(* Let $(D,\Sigma)$ be a tropical linear series of rank $r$ on a metric graph $\Gamma$, and let $M$ be its local array at a point $v$ of valence $d\ge2$ (with tangent vectors ordered $\eta_1,\dots,\eta_d$). Then $M$ satisfies (P2'): for any distinct $i,j\in\{1,\dots,d\}$ and every pair of integers $r_i,r_j\ge0$ with $r_i+r_j=r$, there exist $\mathbf z,\mathbf w_1,\dots,\mathbf w_{r_i},\mathbf u_1,\dots,\mathbf u_{r_j}\in M$ such that (a) $w_{1,i}<w_{2,i}<\dots<w_{r_i,i}<z_i$; (b) $u_{1,j}<u_{2,j}<\dots<u_{r_j,j}<z_j$; (c) $u_{k,j}<w_{k',j}$ for all $1\le k\le r_j$ and $1\le k'\le r_i$. Here $w_{k,i}$ denotes the $i$-th coordinate of $\mathbf w_k$, and similarly for the others.
   Context: A metric graph is obtained from a finite connected graph by identifying each edge with a closed interval of positive length. $T_v(\Gamma)$ is the set of outgoing tangent directions and the valence is $|T_v(\Gamma)|$. $\mathrm{sl}_\eta(f)$ is the outgoing slope of a continuous piecewise linear integer-slope function. We set $\mathrm{div}(f)=\sum_v(-\sum_{\eta\in T_v}\mathrm{sl}_\eta(f))v$ and $R(D)=\{f:D+\mathrm{div}(f)\ge0\}$ for a divisor $D$. A tropical linear series of rank $r$ is $(D,\Sigma)$ with $\Sigma\subseteq R(D)$ a finitely generated tropical submodule (closed under $\min\{f_i+a_i\}$, $a_i\in\mathbb R$) such that: (1) every effective divisor $E$ of degree $r$ admits $f\in\Sigma$ with $\mathrm{div}(f)+D\ge E$; (2) every $r+2$ functions of $\Sigma$ are tropically dependent (some $\min_i(f_i+a_i)$ is attained at least twice at every point). For such a series every slope set $\{\mathrm{sl}_\eta(f):f\in\Sigma\}$ has exactly $r+1$ elements $s_\eta[0]<\dots<s_\eta[r]$. The local array at $v$ is $M=\{\mathbf x\in[r]^d:\exists f\in\Sigma,\ \mathrm{sl}_{\eta_i}(f)=s_{\eta_i}[x_i]\ \forall i\}$, where $[r]=\{0,\dots,r\}$. *)

theory Defs
  imports Complex_Main
begin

---*---

**PROBLEM DESCRIPTION:**
Give the data again in full, keeping every line as it was.

**RESULT FOR THIS TASK:**
(* Let $(D,\Sigma)$ be a tropical linear series of rank $r$ on a metric graph $\Gamma$, and let $M$ be its local array at a point $v$ of valence $d\ge2$ (with tangent vectors ordered $\eta_1,\dots,\eta_d$). Then $M$ satisfies (P2'): for any distinct $i,j\in\{1,\dots,d\}$ and every pair of integers $r_i,r_j\ge0$ with $r_i+r_j=r$, there exist $\mathbf z,\mathbf w_1,\dots,\mathbf w_{r_i},\mathbf u_1,\dots,\mathbf u_{r_j}\in M$ such that (a) $w_{1,i}<w_{2,i}<\dots<w_{r_i,i}<z_i$; (b) $u_{1,j}<u_{2,j}<\dots<u_{r_j,j}<z_j$; (c) $u_{k,j}<w_{k',j}$ for all $1\le k\le r_j$ and $1\le k'\le r_i$. Here $w_{k,i}$ denotes the $i$-th coordinate of $\mathbf w_k$, and similarly for the others.
   Context: A metric graph is obtained from a finite connected graph by identifying each edge with a closed interval of positive length. $T_v(\Gamma)$ is the set of outgoing tangent directions and the valence is $|T_v(\Gamma)|$. $\mathrm{sl}_\eta(f)$ is the outgoing slope of a continuous piecewise linear integer-slope function. We set $\mathrm{div}(f)=\sum_v(-\sum_{\eta\in T_v}\mathrm{sl}_\eta(f))v$ and $R(D)=\{f:D+\mathrm{div}(f)\ge0\}$ for a divisor $D$. A tropical linear series of rank $r$ is $(D,\Sigma)$ with $\Sigma\subseteq R(D)$ a finitely generated tropical submodule (closed under $\min\{f_i+a_i\}$, $a_i\in\mathbb R$) such that: (1) every effective divisor $E$ of degree $r$ admits $f\in\Sigma$ with $\mathrm{div}(f)+D\ge E$; (2) every $r+2$ functions of $\Sigma$ are tropically dependent (some $\min_i(f_i+a_i)$ is attained at least twice at every point). For such a series every slope set $\{\mathrm{sl}_\eta(f):f\in\Sigma\}$ has exactly $r+1$ elements $s_\eta[0]<\dots<s_\eta[r]$. The local array at $v$ is $M=\{\mathbf x\in[r]^d:\exists f\in\Sigma,\ \mathrm{sl}_{\eta_i}(f)=s_{\eta_i}[x_i]\ \forall i\}$, where $[r]=\{0,\dots,r\}$. *)

theory Defs
  imports Complex_Main
begin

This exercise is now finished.